YOUR OBJECTIVE> Return the run of lines below that opens with the line containing "then show ?case by (simp add: finsum_zero)" and closes with the line containing "using insert by simp", keeping each one exact.
RECORDS SHOWN Block Start
(* Let $R=R_1\times\cdots\times R_t$ where $R_i=(\mathbb{F}_{q_i})^{m_i\times m_i}$ for prime powers $q_i$ and positive integers $m_i$. Then the normalized homogeneous weight $\omega$ on $R$ is given by \[ \omega(A_1,\ldots,A_t)=1-\prod_{i=1}^t\frac{(-1)^{r_i}q_i^{\binom{r_i}{2}}}{\alpha_{q_i,r_i}(q_i^{m_i})},\qquad r_i=\mathrm{rk}(A_i). \]
   Context: $\alpha_{q,r}(x)=\prod_{j=0}^{r-1}(x-q^j)$ (so $\alpha_{q,0}=1$) and $\binom{r}{2}=r(r-1)/2$. The normalized homogeneous weight on a finite Frobenius ring $R$ is the unique map $\omega:R\to\mathbb{R}$ with $\omega(0)=0$, $\omega(x)=\omega(y)$ whenever $Rx=Ry$, and $\sum_{y\in Rx}\omega(y)=|Rx|$ for every $x\in R\setminus\{0\}$. *)

theory Defs
  imports Complex_Main "HOL-Algebra.Ring"
begin

definition mat_carrier :: "('a, 'b) ring_scheme \<Rightarrow> nat \<Rightarrow> (nat \<Rightarrow> nat \<Rightarrow> 'a) set" where
  "mat_carrier K n =
     {A. (\<forall>j k. j < n \<and> k < n \<longrightarrow> A j k \<in> carrier K) \<and>
         (\<forall>j k. \<not> (j < n \<and> k < n) \<longrightarrow> A j k = undefined)}"

definition mat_mult :: "('a, 'b) ring_scheme \<Rightarrow> nat \<Rightarrow> (nat \<Rightarrow> nat \<Rightarrow> 'a) \<Rightarrow> (nat \<Rightarrow> nat \<Rightarrow> 'a) \<Rightarrow> (nat \<Rightarrow> nat \<Rightarrow> 'a)" where
  "mat_mult K n A B =
     (\<lambda>j k. if j < n \<and> k < n then finsum K (\<lambda>l. mult K (A j l) (B l k)) {..<n} else undefined)"

definition mat_zero :: "('a, 'b) ring_scheme \<Rightarrow> nat \<Rightarrow> (nat \<Rightarrow> nat \<Rightarrow> 'a)" where
  "mat_zero K n = (\<lambda>j k. if j < n \<and> k < n then zero K else undefined)"

definition cols_indep :: "('a, 'b) ring_scheme \<Rightarrow> nat \<Rightarrow> (nat \<Rightarrow> nat \<Rightarrow> 'a) \<Rightarrow> nat set \<Rightarrow> bool" where
  "cols_indep K n A S \<longleftrightarrow> S \<subseteq> {..<n} \<and>
     (\<forall>c. (\<forall>k\<in>S. c k \<in> carrier K) \<longrightarrow>
          (\<forall>j<n. finsum K (\<lambda>k. mult K (c k) (A j k)) S = zero K) \<longrightarrow>
          (\<forall>k\<in>S. c k = zero K))"

definition mat_rank :: "('a, 'b) ring_scheme \<Rightarrow> nat \<Rightarrow> (nat \<Rightarrow> nat \<Rightarrow> 'a) \<Rightarrow> nat" where
  "mat_rank K n A = Max {card S | S. cols_indep K n A S}"

definition prod_carrier :: "nat \<Rightarrow> (nat \<Rightarrow> nat) \<Rightarrow> (nat \<Rightarrow> ('a, 'b) ring_scheme) \<Rightarrow> (nat \<Rightarrow> nat \<Rightarrow> nat \<Rightarrow> 'a) set" where
  "prod_carrier t m F = {A. (\<forall>i<t. A i \<in> mat_carrier (F i) (m i)) \<and> (\<forall>i\<ge>t. A i = undefined)}"

definition prod_mult :: "nat \<Rightarrow> (nat \<Rightarrow> nat) \<Rightarrow> (nat \<Rightarrow> ('a, 'b) ring_scheme) \<Rightarrow> (nat \<Rightarrow> nat \<Rightarrow> nat \<Rightarrow> 'a) \<Rightarrow> (nat \<Rightarrow> nat \<Rightarrow> nat \<Rightarrow> 'a) \<Rightarrow> (nat \<Rightarrow> nat \<Rightarrow> nat \<Rightarrow> 'a)" where
  "prod_mult t m F A B = (\<lambda>i. if i < t then mat_mult (F i) (m i) (A i) (B i) else undefined)"

definition prod_zero :: "nat \<Rightarrow> (nat \<Rightarrow> nat) \<Rightarrow> (nat \<Rightarrow> ('a, 'b) ring_scheme) \<Rightarrow> (nat \<Rightarrow> nat \<Rightarrow> nat \<Rightarrow> 'a)" where
  "prod_zero t m F = (\<lambda>i. if i < t then mat_zero (F i) (m i) else undefined)"

definition left_ideal :: "nat \<Rightarrow> (nat \<Rightarrow> nat) \<Rightarrow> (nat \<Rightarrow> ('a, 'b) ring_scheme) \<Rightarrow> (nat \<Rightarrow> nat \<Rightarrow> nat \<Rightarrow> 'a) \<Rightarrow> (nat \<Rightarrow> nat \<Rightarrow> nat \<Rightarrow> 'a) set" where
  "left_ideal t m F x = {prod_mult t m F r x | r. r \<in> prod_carrier t m F}"

definition is_norm_hom_weight :: "nat \<Rightarrow> (nat \<Rightarrow> nat) \<Rightarrow> (nat \<Rightarrow> ('a, 'b) ring_scheme) \<Rightarrow> ((nat \<Rightarrow> nat \<Rightarrow> nat \<Rightarrow> 'a) \<Rightarrow> real) \<Rightarrow> bool" where
  "is_norm_hom_weight t m F \<omega> \<longleftrightarrow>
     \<omega> (prod_zero t m F) = 0 \<and>
     (\<forall>x\<in>prod_carrier t m F. \<forall>y\<in>prod_carrier t m F.
        left_ideal t m F x = left_ideal t m F y \<longrightarrow> \<omega> x = \<omega> y) \<and>
     (\<forall>x\<in>prod_carrier t m F. x \<noteq> prod_zero t m F \<longrightarrow>
        (\<Sum>y\<in>left_ideal t m F x. \<omega> y) = real (card (left_ideal t m F x)))"

definition alpha_poly :: "real \<Rightarrow> nat \<Rightarrow> real \<Rightarrow> real" where
  "alpha_poly q r x = (\<Prod>j<r. (x - q ^ j))"

definition hom_weight_formula :: "nat \<Rightarrow> (nat \<Rightarrow> nat) \<Rightarrow> (nat \<Rightarrow> ('a, 'b) ring_scheme) \<Rightarrow> (nat \<Rightarrow> nat \<Rightarrow> nat \<Rightarrow> 'a) \<Rightarrow> real" where
  "hom_weight_formula t m F A =
     1 - (\<Prod>i<t. let q = real (card (carrier (F i))); r = mat_rank (F i) (m i) (A i) in
            ((-1) ^ r * q ^ (r choose 2)) / alpha_poly q r (q ^ m i))"

end

theory Submission
  imports Defs
begin

text \<open>
  A normalized homogeneous weight is unique, since the sum condition on \<open>R x\<close> determines its
  value at \<open>x\<close> from its values on strictly smaller principal left ideals.

  For existence write the formula as \<open>1 - \<Prod>\<^sub>i h\<^sub>i(rk A\<^sub>i)\<close>. The left ideal of a tuple is the
  product of the left ideals \<open>R\<^sub>i x\<^sub>i\<close>, so the sum of the product over it factors, and it suffices
  that the sum of \<open>h(rk y)\<close> over \<open>y \<in> R x\<close> vanishes for every nonzero \<open>n \<times> n\<close> matrix \<open>x\<close>
  over \<open>\<bbbF>\<^sub>q\<close>. If the columns
  of \<open>x\<close> indexed by \<open>B\<close> form a basis of its column space, then restricting the columns of
  \<open>y \<in> R x\<close> to \<open>B\<close> is a rank-preserving bijection from \<open>R x\<close> onto all families of \<open>|B|\<close>
  vectors in \<open>\<bbbF>\<^sub>q\<^sup>n\<close>; it is onto because the rows of \<open>x\<close>, restricted to the independent
  columns \<open>B\<close>, span \<open>\<bbbF>\<^sub>q\<^sup>B\<close>. Finally the sum of \<open>h(rk)\<close> over all families of \<open>k \<le> n\<close> vectors vanishes:
  a family of rank \<open>r\<close> has \<open>q\<^sup>r\<close> one-vector extensions of rank \<open>r\<close> and \<open>q\<^sup>n - q\<^sup>r\<close> of rank
  \<open>r + 1\<close>, and \<open>q\<^sup>r h(r) + (q\<^sup>n - q\<^sup>r) h(r + 1) = 0\<close>.
\<close>

lemma (in abelian_monoid) finsum_swap:
  assumes "finite A" "finite B" "\<And>i j. i \<in> A \<Longrightarrow> j \<in> B \<Longrightarrow> f i j \<in> carrier G"
  shows "(\<Oplus>i\<in>A. \<Oplus>j\<in>B. f i j) = (\<Oplus>j\<in>B. \<Oplus>i\<in>A. f i j)"
  using assms(1,3)
proof (induct A)
  case empty
  then show ?case by (simp add: finsum_zero)
next
  case (insert a A)
  have "(\<Oplus>i\<in>insert a A. \<Oplus>j\<in>B. f i j) = (\<Oplus>j\<in>B. f a j) \<oplus> (\<Oplus>i\<in>A. \<Oplus>j\<in>B. f i j)"
    using insert assms(2) by (intro finsum_insert) (auto intro!: finsum_closed)
  also have "\<dots> = (\<Oplus>j\<in>B. f a j) \<oplus> (\<Oplus>j\<in>B. \<Oplus>i\<in>A. f i j)"
    using insert by simp
  also have "\<dots> = (\<Oplus>j\<in>B. f a j \<oplus> (\<Oplus>i\<in>A. f i j))"
    using insert assms(2) by (intro finsum_addf[symmetric]) (auto intro!: finsum_closed)
  also have "\<dots> = (\<Oplus>j\<in>B. \<Oplus>i\<in>insert a A. f i j)"
    using insert assms(2) by (intro finsum_cong') (auto simp: finsum_insert intro!: finsum_closed)
  finally show ?case .
qed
RECORDS SHOWN Block End
WRITTEN ANSWER>
  then show ?case by (simp add: finsum_zero)
next
  case (insert a A)
  have "(\<Oplus>i\<in>insert a A. \<Oplus>j\<in>B. f i j) = (\<Oplus>j\<in>B. f a j) \<oplus> (\<Oplus>i\<in>A. \<Oplus>j\<in>B. f i j)"
    using insert assms(2) by (intro finsum_insert) (auto intro!: finsum_closed)
  also have "\<dots> = (\<Oplus>j\<in>B. f a j) \<oplus> (\<Oplus>j\<in>B. \<Oplus>i\<in>A. f i j)"
    using insert by simp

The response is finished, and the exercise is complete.